It’s officially taper time and It’s just really hard to believe how the past few months flew by. The last three weeks were really stressful on the body & soul. For the first time I am probably looking forward for some quality recovery time. You always get across how IronMan athletes struggle with the taper process but it’s something that I am definitely looking forward to.
I’ve been recently told that I have to record how my IronMan training happens in Jordan because it’s definitely a totally different experience from the usual crew living in the developed world. Unfortunately, recording this journey is a little far fetched so I have decided to write down a couple of thoughts that came to mind.
I have had three back to back build weeks where every weekend I’ve had to plan a 5-6 hour ride followed by a brick run and then a long run the day after. Obviously the first thing that comes to mind is not only that Jordan is such a tiny country but there’s not much that you can cover on the bike within this time frame. Not only the distances, but safe/stress free roads are somewhat limited. The amounts of dogs that have tried to eat me within the past few months becomes a standard part of your journey, not just on bike but on foot also. The amounts of drama that Ive had to go dealing with people, whether its school children throwing rocks at you, van drivers following you because they are bored and then asking you for gas money, cops, security, army or customs authorities is really draining mentally apart from the whole working out process being put aside.
I’ll give you an example. Having to wake up at 3am on a Friday morning in order to drive down to the Arab Potash area to start my 6 hour ride down south towards Aqaba. Obviously the day before I’ve had to juggle a swim and a run workout, mix that with going to work, being social, having some family time and obviously walking/taking care of Dexter my pet Labrador. Luckily, I have some amazing friends who without their support I could have never finished this journey. They decided to drive me down and support me during that day in order to spend a beautiful weekend by the beach after arrival.

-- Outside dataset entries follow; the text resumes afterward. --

(* Let $M\cong\mathbb{Z}^n$ be a lattice, $\mathbb{T}=\mathrm{Spec}\,\mathbb{C}[M]$, and identify the automorphism group of the variety $\mathbb{T}$ with $\mathrm{Aut}(\mathbb{T})=\mathbb{T}\rtimes\mathrm{GL}(M)$ (translations by $\mathbb{T}$, and $A\in\mathrm{GL}(M)$ acting via $\chi^m\mapsto\chi^{A(m)}$). Let $\mathbb{W}_1,\mathbb{W}_2$ be finite subgroups of $\mathrm{GL}(M)$ and $G_i=\mathbb{T}\rtimes\mathbb{W}_i\subset\mathrm{Aut}(\mathbb{T})$ with their natural actions on $\mathbb{T}$. The following are equivalent: (a) there exist an isomorphism $\varphi\colon G_1\to G_2$ and a $\varphi$-equivariant biregular map $\Phi\colon\mathbb{T}\to\mathbb{T}$; (b) $G_1$ and $G_2$ are conjugate in $\mathrm{Aut}(\mathbb{T})$; (c) $\mathbb{W}_1$ and $\mathbb{W}_2$ are conjugate in $\mathrm{GL}(M)$.
   Context: For a group homomorphism $\varphi\colon G_1\to G_2$, a map $\Phi\colon\mathbb{T}\to\mathbb{T}$ is $\varphi$-equivariant if $\Phi(g\cdot x)=\varphi(g)\cdot\Phi(x)$ for all $g\in G_1$, $x\in\mathbb{T}$. *)

theory Defs
  imports "HOL-Analysis.Analysis" "HOL-Algebra.Algebra"
begin

text \<open>The lattice M is int^'n (rank n = CARD('n)). A point of the torus
  T = Spec C[M] is a homomorphism M -> C^*, i.e. a vector of nonzero complex
  numbers x; the character chi^m evaluates to the monomial prod_i x_i^(m_i).\<close>

definition torus :: "(complex ^ 'n :: finite) set" where
  "torus = {x. \<forall>i. x $ i \<noteq> 0}"

definition character :: "int ^ 'n \<Rightarrow> complex ^ 'n \<Rightarrow> complex" where
  "character m x = (\<Prod>i\<in>UNIV. (x $ i) powi (m $ i))"

definition GLM :: "(int ^ 'n ^ 'n :: finite) monoid" where
  "GLM = \<lparr>carrier = {A. invertible A}, mult = (\<lambda>A B. A ** B), one = mat 1\<rparr>"

text \<open>The automorphism of T induced by A in GL(M): the comorphism sends chi^m to
  chi^(A m); on points x (as characters of M) it is x |-> x o A, i.e. the
  j-th coordinate is chi^(A e_j)(x).\<close>
definition lin_act :: "int ^ 'n ^ 'n \<Rightarrow> complex ^ 'n \<Rightarrow> complex ^ 'n :: finite" where
  "lin_act A x = (\<chi> j. character (column j A) x)"

definition aut_elem :: "complex ^ 'n \<Rightarrow> int ^ 'n ^ 'n \<Rightarrow> complex ^ 'n \<Rightarrow> complex ^ 'n :: finite" where
  "aut_elem t A = (\<lambda>x\<in>torus. t * lin_act A x)"

definition semidir :: "(int ^ 'n ^ 'n :: finite) set \<Rightarrow> (complex ^ 'n \<Rightarrow> complex ^ 'n) set" where
  "semidir W = {aut_elem t A | t A. t \<in> torus \<and> A \<in> W}"

definition AutT :: "(complex ^ 'n :: finite \<Rightarrow> complex ^ 'n) set" where
  "AutT = semidir (carrier GLM)"

abbreviation BT :: "(complex ^ 'n :: finite \<Rightarrow> complex ^ 'n) monoid" where
  "BT \<equiv> BijGroup torus"

definition grp_of :: "(complex ^ 'n :: finite \<Rightarrow> complex ^ 'n) set \<Rightarrow> (complex ^ 'n \<Rightarrow> complex ^ 'n) monoid" where
  "grp_of G = BT\<lparr>carrier := G\<rparr>"

end

theory Submission
  imports Defs
begin

(* (a) <-> (b) holds in any group of permutations: if Phi is phi-equivariant then
   phi g = Phi g Phi^-1, so phi is conjugation by Phi; conversely, conjugation by h is an
   isomorphism onto its image for which h itself is equivariant.

   (b) <-> (c): conjugating x |-> t A(x) by h = (x |-> s P(x)) gives a map with linear part
   P^-1 A P, and as t ranges over T so does the translation part of the conjugate. Hence
   conjugation by h maps T W onto T (P^-1 W P), and T W determines W, since x |-> t A(x)
   determines t (its value at 1) and A (its values at the points (1,..,1,2,1,..,1)).
   Only W_i <= GL(M) is used. *)

lemma (in group) conjugation_iso_onto_image:
  assumes "h \<in> carrier G" and "H \<subseteq> carrier G"
  shows "(\<lambda>g. h \<otimes> g \<otimes> inv h) \<in> iso (G\<lparr>carrier := H\<rparr>) (G\<lparr>carrier := (\<lambda>g. h \<otimes> g \<otimes> inv h) ` H\<rparr>)"
proof -
  have "h \<otimes> (x \<otimes> y) \<otimes> inv h = (h \<otimes> x \<otimes> inv h) \<otimes> (h \<otimes> y \<otimes> inv h)"
    if "x \<in> carrier G" "y \<in> carrier G" for x y
  proof -
    have "h \<otimes> (x \<otimes> y) \<otimes> inv h = h \<otimes> x \<otimes> (inv h \<otimes> h) \<otimes> y \<otimes> inv h"
      using that assms(1) by (simp add: m_assoc)
    also have "\<dots> = (h \<otimes> x \<otimes> inv h) \<otimes> (h \<otimes> y \<otimes> inv h)"
      using that assms(1) by (simp only: m_assoc m_closed inv_closed)
    finally show ?thesis .
  qed
  then show ?thesis
    using assms by (auto simp: iso_def hom_def bij_betw_def inj_on_def subset_iff)
qed

lemma intertwines_iff_conjugate:
  assumes "\<Phi> \<in> Bij S" and "g \<in> Bij S" and "g' \<in> Bij S"
  shows "(\<forall>x\<in>S. \<Phi> (g x) = g' (\<Phi> x))
     \<longleftrightarrow> g' = \<Phi> \<otimes>\<^bsub>BijGroup S\<^esub> g \<otimes>\<^bsub>BijGroup S\<^esub> inv\<^bsub>BijGroup S\<^esub> \<Phi>"
proof -
  interpret group "BijGroup S" by (rule group_BijGroup)
  have carrier: "carrier (BijGroup S) = Bij S"
    by (simp add: BijGroup_def)
  have "(\<forall>x\<in>S. \<Phi> (g x) = g' (\<Phi> x)) \<longleftrightarrow> (\<lambda>x\<in>S. \<Phi> (g x)) = (\<lambda>x\<in>S. g' (\<Phi> x))"
    by (auto simp: fun_eq_iff)
  also have "\<dots> \<longleftrightarrow> \<Phi> \<otimes>\<^bsub>BijGroup S\<^esub> g = g' \<otimes>\<^bsub>BijGroup S\<^esub> \<Phi>"
    using assms by (simp add: BijGroup_def compose_def)
  also have "\<dots> \<longleftrightarrow> g' = \<Phi> \<otimes>\<^bsub>BijGroup S\<^esub> g \<otimes>\<^bsub>BijGroup S\<^esub> inv\<^bsub>BijGroup S\<^esub> \<Phi>"
    using assms carrier inv_solve_right [of g' "\<Phi> \<otimes>\<^bsub>BijGroup S\<^esub> g" \<Phi>] by auto
  finally show ?thesis .
qed

lemma equivariant_iso_iff_conjugate:
  assumes "G1 \<subseteq> Bij S" and "G2 \<subseteq> Bij S" and "H \<subseteq> Bij S"
  shows "(\<exists>\<phi> \<Phi>. \<phi> \<in> iso (BijGroup S\<lparr>carrier := G1\<rparr>) (BijGroup S\<lparr>carrier := G2\<rparr>) \<and> \<Phi> \<in> H
            \<and> (\<forall>g\<in>G1. \<forall>x\<in>S. \<Phi> (g x) = \<phi> g (\<Phi> x)))
     \<longleftrightarrow> (\<exists>h\<in>H. G2 = (\<lambda>g. h \<otimes>\<^bsub>BijGroup S\<^esub> g \<otimes>\<^bsub>BijGroup S\<^esub> inv\<^bsub>BijGroup S\<^esub> h) ` G1)"
    (is "?equivariant \<longleftrightarrow> (\<exists>h\<in>H. G2 = ?conj h ` G1)")
proof -
  interpret group "BijGroup S" by (rule group_BijGroup)
  have carrier: "carrier (BijGroup S) = Bij S"
    by (simp add: BijGroup_def)
  show ?thesis
  proof
    assume ?equivariant
    then obtain \<phi> \<Phi> where iso: "\<phi> \<in> iso (BijGroup S\<lparr>carrier := G1\<rparr>) (BijGroup S\<lparr>carrier := G2\<rparr>)"
      and "\<Phi> \<in> H" and equivariant: "\<forall>g\<in>G1. \<forall>x\<in>S. \<Phi> (g x) = \<phi> g (\<Phi> x)"
      by blast
    have "G2 = \<phi> ` G1"
      using iso by (simp add: iso_def bij_betw_def)
    also have "\<dots> = ?conj \<Phi> ` G1"
    proof (rule image_cong [OF refl])
      fix g assume "g \<in> G1"
      moreover have "\<phi> g \<in> G2"
        using iso \<open>g \<in> G1\<close> by (auto simp: iso_def hom_def)
      ultimately show "\<phi> g = ?conj \<Phi> g"
        using assms \<open>\<Phi> \<in> H\<close> equivariant intertwines_iff_conjugate by blast
    qed
    finally show "\<exists>h\<in>H. G2 = ?conj h ` G1"
      using \<open>\<Phi> \<in> H\<close> by blast
  next
    assume "\<exists>h\<in>H. G2 = ?conj h ` G1"
    then obtain h where "h \<in> H" and G2: "G2 = ?conj h ` G1"
      by blast
    have "?conj h \<in> iso (BijGroup S\<lparr>carrier := G1\<rparr>) (BijGroup S\<lparr>carrier := G2\<rparr>)"
      unfolding G2 using assms \<open>h \<in> H\<close> carrier by (intro conjugation_iso_onto_image) auto
    moreover have "\<forall>x\<in>S. h (g x) = ?conj h g (h x)" if "g \<in> G1" for g
    proof -
      have "h \<in> Bij S" "g \<in> Bij S"
        using assms \<open>h \<in> H\<close> \<open>g \<in> G1\<close> by auto
      moreover have "?conj h g \<in> Bij S"
        using calculation by (simp flip: carrier)
      ultimately show ?thesis
        by (simp add: intertwines_iff_conjugate)
    qed
    ultimately show ?equivariant
      using \<open>h \<in> H\<close> by blast
  qed
qed

lemma prod_power_int_distrib:
  fixes f :: "'b \<Rightarrow> 'a :: field"
  shows "(\<Prod>i\<in>A. f i) powi n = (\<Prod>i\<in>A. f i powi n)"
  by (induction A rule: infinite_finite_induct) (auto simp: power_int_mult_distrib)

lemma power_int_sum:
  fixes x :: "'a :: field"
  assumes "x \<noteq> 0"
  shows "x powi (\<Sum>i\<in>A. f i) = (\<Prod>i\<in>A. x powi f i)"
  using assms by (induction A rule: infinite_finite_induct) (auto simp: power_int_add)

lemma two_power_int_inject:
  assumes "(2 :: complex) powi a = 2 powi b"
  shows "a = b"
proof -
  have "(2 :: real) powi a = 2 powi b"
    using assms by (metis of_real_numeral of_real_eq_of_real_power_int_cancel_iff)
  then show ?thesis
    using power_int_strict_increasing [of a b "2 :: real"] power_int_strict_increasing [of b a "2 :: real"]
    by (cases a b rule: linorder_cases) auto
qed

lemma torus_mult: "x \<in> torus \<Longrightarrow> y \<in> torus \<Longrightarrow> x * y \<in> torus"
  by (simp add: torus_def)

lemma one_in_torus: "1 \<in> torus"
  by (simp add: torus_def)

definition torus_inverse :: "complex ^ 'n \<Rightarrow> complex ^ 'n :: finite" where
  "torus_inverse x = (\<chi> i. inverse (x $ i))"

lemma torus_inverse_in_torus: "x \<in> torus \<Longrightarrow> torus_inverse x \<in> torus"
  by (simp add: torus_def torus_inverse_def)

lemma torus_right_inverse: "x \<in> torus \<Longrightarrow> x * torus_inverse x = 1"
  by (simp add: torus_def torus_inverse_def vec_eq_iff)

lemma torus_left_inverse: "x \<in> torus \<Longrightarrow> torus_inverse x * x = 1"
  by (simp add: torus_def torus_inverse_def vec_eq_iff)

Fast forward to being on the bike, that specific week I was not feeling great. I was starting to get frustrated with the overload of training and little sleep was also adding to the frustration. I was struggling during the first half of the route and for the first time in a while had some thoughts of quitting. Fast forward all the workout drama and 180km’s later on the bike I arrive to the Aqaba “checkpoint or customs terminal”.
So even though we are still in the same country, no border crossings, the entrance of the Aqaba border area is a place where you have to be ID’ed and checked up on. Some say its a form of security to keep Israel safe. On top of all that It’s labeled as a customs free area meaning that when you go out of the Aqaba region you have to be checked for what you have on you. Mama Mia. That literally means that when you enter with your bike you need to register it because if you go out without registering your bikes then your going to pay customs even though your still in the same country.
Can you imagine what I looked like entering Aqaba on my Tribike on my own? Well I had my salty trisuit on, my aero helmet, the crazy sunglasses, orange socks oh my oh my ain’t I the most intimidating target for the bored cops chilling under the heat? After dealing with all the questions you head towards the customs area where the head of customs decides that you are good to go no need to register your bike and equipment because he is too lazy to get the paperwork and register the equipment. You start having to kiss ass, beg for the paperwork while his colleagues say “didn’t you hear what he said? he’s the boss and he said you don’t have to register your equipment”. This is really frustrating to deal with after being 5h30 into your bike ride. You finally manage to clear this mess and the masses of stray dogs start attacking you. Funny enough I actually find it lots of fun given that you are underneath 40degree heat.
I don’t want to seem like I’m complaining, indeed this place can be really frustrating but it also adds to the adventure of training. Making it even more and more unique. Defining who you are, defining your journey and everything that comes along with it. Who would have known my Cervelo that was chilling in some shop in Canada would experience dead camels on the side of the roads or even donkeys running alongside it.